A five-footway, a sheltered walkway formed by joined front verandahs and framed by a series of arcades, is a common characteristic in Chinese row houses in Phuket. The facades are reminiscent of European neo-classical and Renaissance-style stucco designs. Their interiors and carved wooden furniture are a combination of Chinese, European and Straits Chinese motifs and fixtures. A long stretch of well-maintained Chinese row houses can be found along Thalang Road, formerly the most important trading street in the province. Some belong to coffee shops and diners, like China Inn Cafe and Restaurant. The same elaborate motifs can also be observed in the numerous Chinese shrines around the island.

By the late 1930s, the architecture in Phuket had evolved into a Sino-Colonial style that still incorporated decor from the earlier years. Early Chinese settlers, including Kor-Sim-Bi Na Ranong, Governor of Phuket and Sino-Thai businessman, were responsible for building intricately decorated hybrid mansions with their exquisite latticework at the entrance, narrow structures, arched windows and doors supported by Doric, Ionic and Corinthian columns. You can see several examples of these along Dibuk Road, like Phuket Philatelic Museum, Phuket Provincial Hall and Nakorn Luang Thai Bank.

Many of the mansions and shophouses have been lovingly restored. Some still serve as residences for local families.

Cultural & Legal Restrictions

Like many people in Asian countries, Thais are extremely mindful of the concept of ‘face’; being able to maintain their own dignity and reputation is crucial, while ensuring the same for others. Losing your temper in public is considered a loss of face and should be avoided. Staying polite and lighthearted helps to diffuse social tension.

In Thailand, the head is considered the most spiritual body part, while the feet are considered the dirtiest. Locals make every effort to ensure that unclean feet are never cleaned in places where they wash other parts of their bodies, except in the shower. Do be mindful not to rinse your feet in washbasins meant for hands. Thais consider the bottoms of the feet to be offensive, so bear in mind not to point the bottom of your foot at someone when sitting on the floor or lying down. Stepping over people, food and books is also frowned upon; in fact, books are one of the most revered secular objects in Thai culture.

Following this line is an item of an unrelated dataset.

(* Let $(\mathcal{A}_\Lambda,\partial_\Lambda)$ be a filtered Chekanov–Eliashberg DGA over $\mathbb{Z}_2$ generated by $q_1,\dots,q_n$, let $k$ be a positive integer, and let $(S_k\mathcal{A}_\Lambda,\partial_\Lambda)$ be its grading-$k$ stabilization, with additional generators $e_k,e_{k-1}$. Let $\delta>0$. If the height filtration of $\mathcal{A}_\Lambda$ is extended to $S_k\mathcal{A}_\Lambda$ in such a way that $0<h(e_k)-h(e_{k-1})<2\delta$, then the persistent linearized contact homologies of $(\mathcal{A}_\Lambda,\partial_\Lambda)$ and $(S_k\mathcal{A}_\Lambda,\partial_\Lambda)$ (with respect to an augmentation $\epsilon$ of $\mathcal{A}_\Lambda$ and its extension to $S_k\mathcal{A}_\Lambda$ by $\epsilon(e_k)=\epsilon(e_{k-1})=0$) are $2\delta$-interleaved.
   Context: A filtered Chekanov–Eliashberg DGA: a Chekanov–Eliashberg DGA (free noncommutative graded algebra over $\mathbb{Z}_2$ on generators, with differential) together with heights $h(q_i)>0$, extended by $h(\text{word})=$ sum of letter heights and $h(\text{sum})=$ max, such that the differential strictly decreases height. The grading-$k$ stabilization $S_k\mathcal{A}_\Lambda$ is generated by $e_k,e_{k-1},q_1,\dots,q_n$ with $|e_k|=k$, $|e_{k-1}|=k-1$, other gradings unchanged, and differential $\partial(e_k)=e_{k-1}$, $\partial(e_{k-1})=0$, agreeing with $\partial_\Lambda$ on the $q_i$. The persistent linearized contact homology is $t\mapsto H_\ast(A^t,\partial_1^\epsilon)$, where $\partial_1^\epsilon$ is the linearized differential with respect to the augmentation $\epsilon$ on the vector space spanned by the generators and $A^t$ is spanned by generators of height $\le t$, with transfer maps induced by inclusion. Persistence modules $U^\bullet,V^\bullet$ are $2\delta$-interleaved if there are maps $\varphi^t:U^t\to V^{t+\delta}$, $\psi^t:V^t\to U^{t+\delta}$ commuting with transfer maps with $\psi^{t+\delta}\varphi^t$ and $\varphi^{t+\delta}\psi^t$ equal to the transfer maps from $t$ to $t+2\delta$. *)

theory Defs
  imports Complex_Main
begin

Patting a child’s head is a common act of friendliness and does not cause any offence, but this is different for adults, who will see it as a sign of disrespect and a violation of personal space. It is customary to remove all footwear before entering a house or temple. This applies to some shops and offices too; just look out for a collection of shoes at the entrance and add yours to the pile.

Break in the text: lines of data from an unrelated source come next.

(* If $S$ is a nondegenerate $n$-dimensional simplex with $S\subset B_n$, then $\xi(B_n;S)\ge n$, and $\xi(B_n;S)=n$ holds if and only if $S$ is a regular simplex inscribed into $B_n$. Consequently $\xi_n(B_n)=n$.
   Context: $B_n$ is the closed unit Euclidean ball in $\mathbb R^n$ centered at $0$. $\xi(B_n;S)$ is the minimal $\sigma\ge1$ with $B_n\subset\sigma S$, where $\sigma S$ is the homothetic image of $S$ with center at its center of gravity and ratio $\sigma$. $\xi_n(B_n)$ is the minimum of $\xi(B_n;S)$ over all nondegenerate $n$-dimensional simplices $S\subset B_n$. A simplex is inscribed into $B_n$ if all its vertices lie on the unit sphere. *)

theory Defs
  imports "HOL-Analysis.Analysis"
begin

definition simplex_vertices :: "'a::euclidean_space set \<Rightarrow> 'a set" where
  "simplex_vertices S = {x. x extreme_point_of S}"

definition simplex_center :: "'a::euclidean_space set \<Rightarrow> 'a" where
  "simplex_center S = (1 / real (card (simplex_vertices S))) *\<^sub>R (\<Sum>x\<in>simplex_vertices S. x)"

definition homothetic_simplex :: "real \<Rightarrow> 'a::euclidean_space set \<Rightarrow> 'a set" where
  "homothetic_simplex \<sigma> S = (\<lambda>x. simplex_center S + \<sigma> *\<^sub>R (x - simplex_center S)) ` S"

definition absorption_index :: "'a::euclidean_space set \<Rightarrow> 'a set \<Rightarrow> real" where
  "absorption_index B S = Inf {\<sigma>. 1 \<le> \<sigma> \<and> B \<subseteq> homothetic_simplex \<sigma> S}"

definition nondeg_simplex :: "'a::euclidean_space set \<Rightarrow> bool" where
  "nondeg_simplex S \<longleftrightarrow> (int DIM('a)) simplex S"

definition xi_n_ball :: "'a::euclidean_space itself \<Rightarrow> real" where
  "xi_n_ball _ = Inf {absorption_index (cball (0::'a) 1) S | S. nondeg_simplex S \<and> S \<subseteq> cball 0 1}"

definition regular_simplex :: "'a::euclidean_space set \<Rightarrow> bool" where
  "regular_simplex S \<longleftrightarrow> (\<exists>d. \<forall>x\<in>simplex_vertices S. \<forall>y\<in>simplex_vertices S. x \<noteq> y \<longrightarrow> dist x y = d)"

definition inscribed_in_ball :: "'a::euclidean_space set \<Rightarrow> bool" where
  "inscribed_in_ball S \<longleftrightarrow> simplex_vertices S \<subseteq> sphere 0 1"

end

theory Submission imports Defs begin

text \<open>
  For a simplex with vertex set \<open>C\<close> pick vectors \<open>a j\<close> with \<open>a j \<bullet> (i - j) = -1\<close> for all
  vertices \<open>i \<noteq> j\<close>; then \<open>1 + a j \<bullet> (p - j)\<close> is the \<open>j\<close>-th barycentric coordinate of \<open>p\<close>.
  With \<open>N = n + 1\<close> vertices and center \<open>c\<close>, the ball lies in \<open>\<sigma>S\<close> exactly when
  \<open>\<sigma> \<ge> N (\<parallel>a j\<parallel> + a j \<bullet> c)\<close> for every \<open>j\<close>. These \<open>N\<close> numbers sum to
  \<open>N \<Sum>\<parallel>a j\<parallel>\<close>, and evaluating the coordinates at \<open>0\<close> gives \<open>\<Sum> a j \<bullet> j = N - 1\<close>; since
  \<open>a j \<bullet> j \<le> \<parallel>a j\<parallel>\<close> for vertices in the ball, their maximum is at least \<open>N - 1 = n\<close>.
  Equality forces equality in every Cauchy-Schwarz step, i.e. unit vertices with
  \<open>a j\<close> parallel to \<open>j\<close>, and then all inner products of distinct vertices agree.
  Conversely, for unit vertices with equal mutual inner products the \<open>a j\<close> are multiples of
  the vertices and all \<open>N\<close> numbers equal \<open>n\<close>.
\<close>

definition dual_family :: "'a::euclidean_space set \<Rightarrow> ('a \<Rightarrow> 'a) \<Rightarrow> bool" where
  "dual_family C a \<longleftrightarrow> (\<forall>j\<in>C. \<forall>i\<in>C. i \<noteq> j \<longrightarrow> a j \<bullet> (i - j) = -1)"

definition barycentric :: "('a::euclidean_space \<Rightarrow> 'a) \<Rightarrow> 'a \<Rightarrow> 'a \<Rightarrow> real" where
  "barycentric a j p = 1 + a j \<bullet> (p - j)"

lemma dual_family_exists:
  fixes C :: "'a::euclidean_space set"
  assumes "\<not> affine_dependent C"
  shows "\<exists>a. dual_family C a"
proof -
  have "\<exists>w. \<forall>i\<in>C. i \<noteq> j \<longrightarrow> w \<bullet> (i - j) = -1" if "j \<in> C" for j
  proof -
    have "independent ((\<lambda>x. -j + x) ` (C - {j}))"
      using affine_dependent_iff_dependent2[OF that] assms by simp
    from real_vector.linear_independent_extend[OF this, of "\<lambda>_. -1::real"]
    obtain g :: "'a \<Rightarrow> real" where g: "linear g" "\<forall>x\<in>(\<lambda>x. -j + x) ` (C - {j}). g x = -1"
      by auto
    have "adjoint g 1 \<bullet> (i - j) = -1" if "i \<in> C" "i \<noteq> j" for i
      using g that adjoint_clauses(2)[OF g(1), of 1 "i - j"] by auto
    then show ?thesis by blast
  qed
  then have "\<forall>j\<in>C. \<exists>w. \<forall>i\<in>C. i \<noteq> j \<longrightarrow> w \<bullet> (i - j) = -1" by blast
  then show ?thesis
    unfolding dual_family_def by (rule bchoice)
qed

lemma barycentric_affine_combination:
  assumes "dual_family C a" "finite C" "j \<in> C" "sum \<mu> C = 1"
  shows "barycentric a j (\<Sum>i\<in>C. \<mu> i *\<^sub>R i) = \<mu> j"
proof -
  have "(\<Sum>i\<in>C. \<mu> i *\<^sub>R i) - j = (\<Sum>i\<in>C. \<mu> i *\<^sub>R (i - j))"
    using assms(4) by (simp add: scaleR_diff_right sum_subtractf scaleR_sum_left[symmetric])
  then have "a j \<bullet> ((\<Sum>i\<in>C. \<mu> i *\<^sub>R i) - j) = (\<Sum>i\<in>C. \<mu> i * (a j \<bullet> (i - j)))"
    by (simp add: inner_sum_right)
  also have "\<dots> = (\<Sum>i\<in>C. if i = j then 0 else - \<mu> i)"
    using assms(1,3) unfolding dual_family_def by (intro sum.cong) auto
  also have "\<dots> = - (\<Sum>i\<in>C - {j}. \<mu> i)"
    using assms(2) by (simp add: sum.If_cases sum_negf Diff_eq Int_commute)
  also have "\<dots> = \<mu> j - 1"
    using assms by (simp add: sum_diff1)
  finally show ?thesis unfolding barycentric_def by simp
qed

lemma barycentric_representation:
  fixes C :: "'a::euclidean_space set"
  assumes "dual_family C a" "finite C" "affine hull C = UNIV"
  shows "(\<Sum>j\<in>C. barycentric a j p) = 1" "(\<Sum>j\<in>C. barycentric a j p *\<^sub>R j) = p"
proof -
  have "p \<in> affine hull C" using assms(3) by simp
  then obtain \<mu> where \<mu>: "sum \<mu> C = 1" "(\<Sum>i\<in>C. \<mu> i *\<^sub>R i) = p"
    using affine_hull_finite[OF assms(2)] by auto
  have "barycentric a j p = \<mu> j" if "j \<in> C" for j
    using barycentric_affine_combination[OF assms(1,2) that \<mu>(1)] \<mu>(2) by simp
  then show "(\<Sum>j\<in>C. barycentric a j p) = 1" "(\<Sum>j\<in>C. barycentric a j p *\<^sub>R j) = p"
    using \<mu> by (auto intro: sum.cong)
qed

text \<open>An affine dependence \<open>\<Sum> U v *\<^sub>R v = 0\<close> with \<open>\<Sum> U v = 0\<close> can be added to the trivial
  representation of a vertex \<open>j\<close>; the \<open>j\<close>-th coordinate shows \<open>U j = 0\<close>.\<close>
lemma dual_family_imp_affine_independent:
  fixes C :: "'a::euclidean_space set"
  assumes fin: "finite C" and dual: "dual_family C a"
  shows "\<not> affine_dependent C"
proof
  assume "affine_dependent C"
  then obtain U where U: "sum U C = 0" "\<exists>v\<in>C. U v \<noteq> 0" "(\<Sum>v\<in>C. U v *\<^sub>R v) = 0"
    using affine_dependent_explicit_finite[OF fin] by blast
  have "U j = 0" if j: "j \<in> C" for j
  proof -
    define \<mu> where "\<mu> v = U v + (if v = j then 1 else 0)" for v
    have "(\<Sum>v\<in>C. \<mu> v *\<^sub>R v) = (\<Sum>v\<in>C. U v *\<^sub>R v) + (\<Sum>v\<in>C. (if v = j then 1 else 0) *\<^sub>R v)"
      unfolding \<mu>_def by (simp add: scaleR_add_left sum.distrib)
    also have "(\<Sum>v\<in>C. (if v = j then 1 else 0) *\<^sub>R v) = (\<Sum>v\<in>C. if v = j then j else 0)"
      by (intro sum.cong) auto
    also have "(\<Sum>v\<in>C. U v *\<^sub>R v) + (\<Sum>v\<in>C. if v = j then j else 0) = j"
      using U(3) fin j by simp
    finally have "(\<Sum>v\<in>C. \<mu> v *\<^sub>R v) = j" .
    moreover have "sum \<mu> C = 1" unfolding \<mu>_def using fin j U(1) by (simp add: sum.distrib)
    ultimately have "barycentric a j j = \<mu> j"
      using barycentric_affine_combination[OF dual fin j, of \<mu>] by simp
    then show ?thesis unfolding barycentric_def \<mu>_def by simp
  qed
  then show False using U(2) by blast
qed

lemma dual_family_unit_vertices:
  assumes "\<forall>x\<in>C. norm x = 1" "\<forall>x\<in>C. \<forall>y\<in>C. x \<noteq> y \<longrightarrow> x \<bullet> y = t" "t \<noteq> 1"
  shows "dual_family C (\<lambda>j. (1 / (1 - t)) *\<^sub>R j)"
  unfolding dual_family_def
proof (intro ballI impI)
  fix j i assume "j \<in> C" "i \<in> C" "i \<noteq> j"
  then have "j \<bullet> (i - j) = t - 1" using assms(1,2) by (auto simp: inner_diff_right dot_square_norm)
  moreover have "(t - 1) / (1 - t) = -1" using assms(3) by (simp add: divide_eq_eq)
  ultimately show "(1 / (1 - t)) *\<^sub>R j \<bullet> (i - j) = -1" by simp
qed

lemma dist_unit_vectors_power2:
  fixes x y :: "'a::real_inner"
  assumes "norm x = 1" "norm y = 1"
  shows "(dist x y)\<^sup>2 = 2 - 2 * (x \<bullet> y)"
proof -
  have "(dist x y)\<^sup>2 = x \<bullet> x - 2 * (x \<bullet> y) + y \<bullet> y"
    unfolding dist_norm power2_norm_eq_inner
    by (simp add: inner_diff_left inner_diff_right inner_commute)
  then show ?thesis using assms by (simp add: dot_square_norm)
qed

lemma unit_if_inner_eq_norm:
  fixes x v :: "'a::real_inner"
  assumes "norm x \<le> 1" "v \<noteq> 0" "v \<bullet> x = norm v"
  shows "norm x = 1" "v = norm v *\<^sub>R x"
proof -
  have "norm v \<le> norm v * norm x"
    using norm_cauchy_schwarz[of v x] assms(3) by simp
  then show x1: "norm x = 1" using assms(1,2) by simp
  then have "v \<bullet> x = norm v * norm x" using assms(3) by simp
  then have "norm v *\<^sub>R x = norm x *\<^sub>R v" by (simp add: norm_cauchy_schwarz_eq)
  then show "v = norm v *\<^sub>R x" using x1 by simp
qed

locale simplex_frame =
  fixes C :: "'a::euclidean_space set" and a :: "'a \<Rightarrow> 'a"
  assumes indep: "\<not> affine_dependent C"
    and card_vertices: "card C = DIM('a) + 1"
    and dual: "dual_family C a"
begin

lemma finite_vertices: "finite C"
  using card_vertices card_ge_0_finite by force

lemma affine_hull_vertices: "affine hull C = UNIV"
proof -
  have "of_nat (card C) = aff_dim C + 1" using aff_dim_affine_independent[OF indep] .
  then have "aff_dim C = DIM('a)" using card_vertices by simp
  then show ?thesis using aff_dim_eq_full by blast
qed

lemma simplex_vertices_eq: "simplex_vertices (convex hull C) = C"
  unfolding simplex_vertices_def
  using extreme_point_of_convex_hull_affine_independent[OF indep] by auto

lemma vertices_nonempty: "C \<noteq> {}"
  using card_vertices by auto

lemma other_vertex_exists:
  assumes "j \<in> C"
  obtains i where "i \<in> C" "i \<noteq> j"
proof -
  have "\<not> C \<subseteq> {j}"
  proof
    assume "C \<subseteq> {j}"
    then have "card C \<le> 1" using card_mono[of "{j}" C] by simp
    then show False using card_vertices DIM_positive[where 'a='a] by simp
  qed
  then show ?thesis using that by blast
qed

lemma dual_nonzero: "j \<in> C \<Longrightarrow> a j \<noteq> 0"
  by (metis dual dual_family_def inner_zero_left other_vertex_exists zero_neq_neg_one)

definition N :: real where "N = real (card C)"

definition center :: 'a where "center = simplex_center (convex hull C)"

lemma N_ge_2: "N \<ge> 2"
  unfolding N_def using card_vertices DIM_positive[where 'a='a] by linarith

lemma center_eq: "center = (\<Sum>i\<in>C. (1/N) *\<^sub>R i)"
  unfolding center_def simplex_center_def simplex_vertices_eq N_def
  by (simp add: scaleR_sum_right)

lemma barycentric_center: "j \<in> C \<Longrightarrow> barycentric a j center = 1/N"
  using barycentric_affine_combination[OF dual finite_vertices, of j "\<lambda>_. 1/N"] N_ge_2
  by (simp add: center_eq N_def)

lemma barycentric_nonneg:
  assumes "j \<in> C" "x \<in> convex hull C"
  shows "barycentric a j x \<ge> 0"
proof -
  obtain u where u: "\<forall>x\<in>C. 0 \<le> u x" "sum u C = 1" "(\<Sum>x\<in>C. u x *\<^sub>R x) = x"
    using assms(2) convex_hull_finite[OF finite_vertices] by auto
  have "barycentric a j x = u j"
    using barycentric_affine_combination[OF dual finite_vertices assms(1) u(2)] u(3) by simp
  then show ?thesis using u(1) assms(1) by simp
qed

lemma barycentric_center_shift: "barycentric a j (center + v) = barycentric a j center + a j \<bullet> v"
  unfolding barycentric_def by (simp add: algebra_simps inner_diff_right inner_add_right)

text \<open>The \<open>j\<close>-th facet of \<open>\<sigma> S\<close> supports the unit ball exactly for \<open>\<sigma> = support_ratio j\<close>.\<close>
definition support_ratio :: "'a \<Rightarrow> real" where
  "support_ratio j = N * (norm (a j) + a j \<bullet> center)"

lemma support_ratio_le_if_cball_subset:
  assumes "\<sigma> > 0" and cover: "cball 0 1 \<subseteq> homothetic_simplex \<sigma> (convex hull C)"
  and j: "j \<in> C"
  shows "support_ratio j \<le> \<sigma>"
proof -
  define y where "y = - (1 / norm (a j)) *\<^sub>R a j"
  have "y \<in> cball 0 1" using dual_nonzero[OF j] unfolding y_def by simp
  then obtain x where x: "x \<in> convex hull C" "y = center + \<sigma> *\<^sub>R (x - center)"
    using cover unfolding homothetic_simplex_def center_def by auto
  have "a j \<bullet> (x - center) \<ge> - 1/N"
    using barycentric_center_shift[of j "x - center"] barycentric_nonneg[OF j x(1)]
      barycentric_center[OF j] by simp
  then have "\<sigma> * (a j \<bullet> (x - center)) \<ge> - \<sigma>/N"
    using mult_left_mono[of "- 1/N" _ \<sigma>] assms by simp
  moreover have "a j \<bullet> (y - center) = \<sigma> * (a j \<bullet> (x - center))" using x(2) by simp
  moreover have "a j \<bullet> y = - norm (a j)" unfolding y_def using dual_nonzero[OF j]
    by (simp add: power2_norm_eq_inner[symmetric] power2_eq_square)
  ultimately have "- norm (a j) - a j \<bullet> center \<ge> - \<sigma>/N" by (simp add: inner_diff_right)
  then show "support_ratio j \<le> \<sigma>"
    unfolding support_ratio_def using N_ge_2 by (simp add: field_simps)
qed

All statues and images of Buddha are considered sacred, so do refrain from posing with them or engaging in any behaviour that will deface or disrespect them in any way. Taking images of Buddha, deities and some antique artefacts from the country is prohibited by law, unless approval from the Fine Arts Department in Bangkok is given.

In general, visitors should be mindful of their conduct at places of worship. Revealing clothing at a temple or mosque is unacceptable. Legs, shoulders and cleavage should be covered at all times. If you are going to a mosque, long sleeves and headscarves are expected for women; men should wear hats. Pay attention to signs at the entrance that will show you what appropriate and inappropriate clothing is.

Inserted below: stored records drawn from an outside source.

lemma approximates_on_ball:
  assumes "0 < e"
  shows "\<exists>d>0. approximates_on F e (ball y0 d)"
proof -
  obtain d where "0 < d" and d: "\<And>y. dist y y0 < d \<Longrightarrow> \<forall>x. \<bar>t x y - t x y0\<bar> < e / 2"
    using t_equicont[of "e / 2" y0] assms by auto
  have two: "2 * ennreal (e / 2) = ennreal e"
    using assms by (simp flip: ennreal_numeral ennreal_mult)
  have "emeasure (F \<bind> T) A \<le> emeasure (mixture F) A + ennreal e * emeasure lam A \<and>
      emeasure (mixture F) A \<le> emeasure (F \<bind> T) A + ennreal e * emeasure lam A"
    if A: "A \<in> sets borel" "A \<subseteq> ball y0 d" for A
  proof (cases "emeasure lam A = top")
    case True
    then show ?thesis using assms by (simp add: ennreal_mult_top)
  next
    case False
    have close: "\<bar>t x y - t x y0\<bar> \<le> e / 2" if "y \<in> A" for x y
      using d[of y] A(2) that by (auto simp: dist_commute less_imp_le)
    note bind = emeasure_bind_T_near_const[OF A(1) _ close, unfolded less_top[symmetric], OF False]
    note mixture = emeasure_mixture_near_const[OF A(1) close]
    show ?thesis
      using ennreal_le_trans_through_mult[OF bind(1) mixture(2)] ennreal_le_trans_through_mult[OF mixture(1) bind(2)]
      by (simp add: two)
  qed
  then show ?thesis using \<open>0 < d\<close> unfolding approximates_on_def by blast
qed

lemma emeasure_bind_T_approx:
  assumes "0 < e" and A: "A \<in> sets borel"
  shows "emeasure (F \<bind> T) A \<le> emeasure (mixture F) A + ennreal e * emeasure lam A"
    and "emeasure (mixture F) A \<le> emeasure (F \<bind> T) A + ennreal e * emeasure lam A"
proof -
  have "\<exists>U. open U \<and> y \<in> U \<and> approximates_on F e U" for y
    using approximates_on_ball[OF assms(1), of y] by (metis centre_in_ball open_ball)
  moreover have "approximates_on F e {}" by (simp add: approximates_on_def)
  ultimately obtain U :: "nat \<Rightarrow> 'x set"
    where "\<And>i. open (U i)" "\<And>i. approximates_on F e (U i)" "UNIV \<subseteq> (\<Union>i. U i)"
    by (rule countable_open_cover[of UNIV "approximates_on F e"]) auto
  then have U: "\<And>i. U i \<in> sets (F \<bind> T)" "space (F \<bind> T) \<subseteq> (\<Union>i. U i)"
    and local: "\<And>i B. B \<in> sets (F \<bind> T) \<Longrightarrow> B \<subseteq> U i \<Longrightarrow>
      emeasure (F \<bind> T) B \<le> emeasure (mixture F) B + ennreal e * emeasure lam B \<and>
      emeasure (mixture F) B \<le> emeasure (F \<bind> T) B + ennreal e * emeasure lam B"
    unfolding approximates_on_def sets_bind_T by auto
  have sets: "sets (mixture F) = sets (F \<bind> T)" "sets lam = sets (F \<bind> T)"
    by (simp_all add: sets_lam sets_bind_T)
  have U': "\<And>i. U i \<in> sets (mixture F)" "space (mixture F) \<subseteq> (\<Union>i. U i)"
    using U sets(1) sets_eq_imp_space_eq[OF sets(1)] by auto
  show "emeasure (F \<bind> T) A \<le> emeasure (mixture F) A + ennreal e * emeasure lam A"
    using sets(1,2) U _ A[folded sets_bind_T] by (rule emeasure_le_of_countable_cover) (use local in blast)
  show "emeasure (mixture F) A \<le> emeasure (F \<bind> T) A + ennreal e * emeasure lam A"
    using sets(1)[symmetric] _ U' _ by (rule emeasure_le_of_countable_cover) (use local sets A sets_bind_T in auto)
qed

Buddhist monks are a common sight around Phuket and the rest of Thailand. As part of their vows, contact with women is strictly forbidden. Females are expected to make way for passing monks so that accidental contact does not happen; when passing an object or making a donation, a woman has to first give it to a man, who will in turn give it to a monk. Alternatively, you can place the objects at his feet or on a special cloth laid out for this purpose.

Thais are very patriotic and show tremendous respect for their beloved King and the Royal Family. Any show of disrespect. whether verbal or written, is a violation of the Lese Majeste laws and provides grounds for arrest – this includes vandalism of Thai currency. Do stand up whenever you hear the national anthem, for instance, in movie theatres of during a public event with a member of the Royal Family present.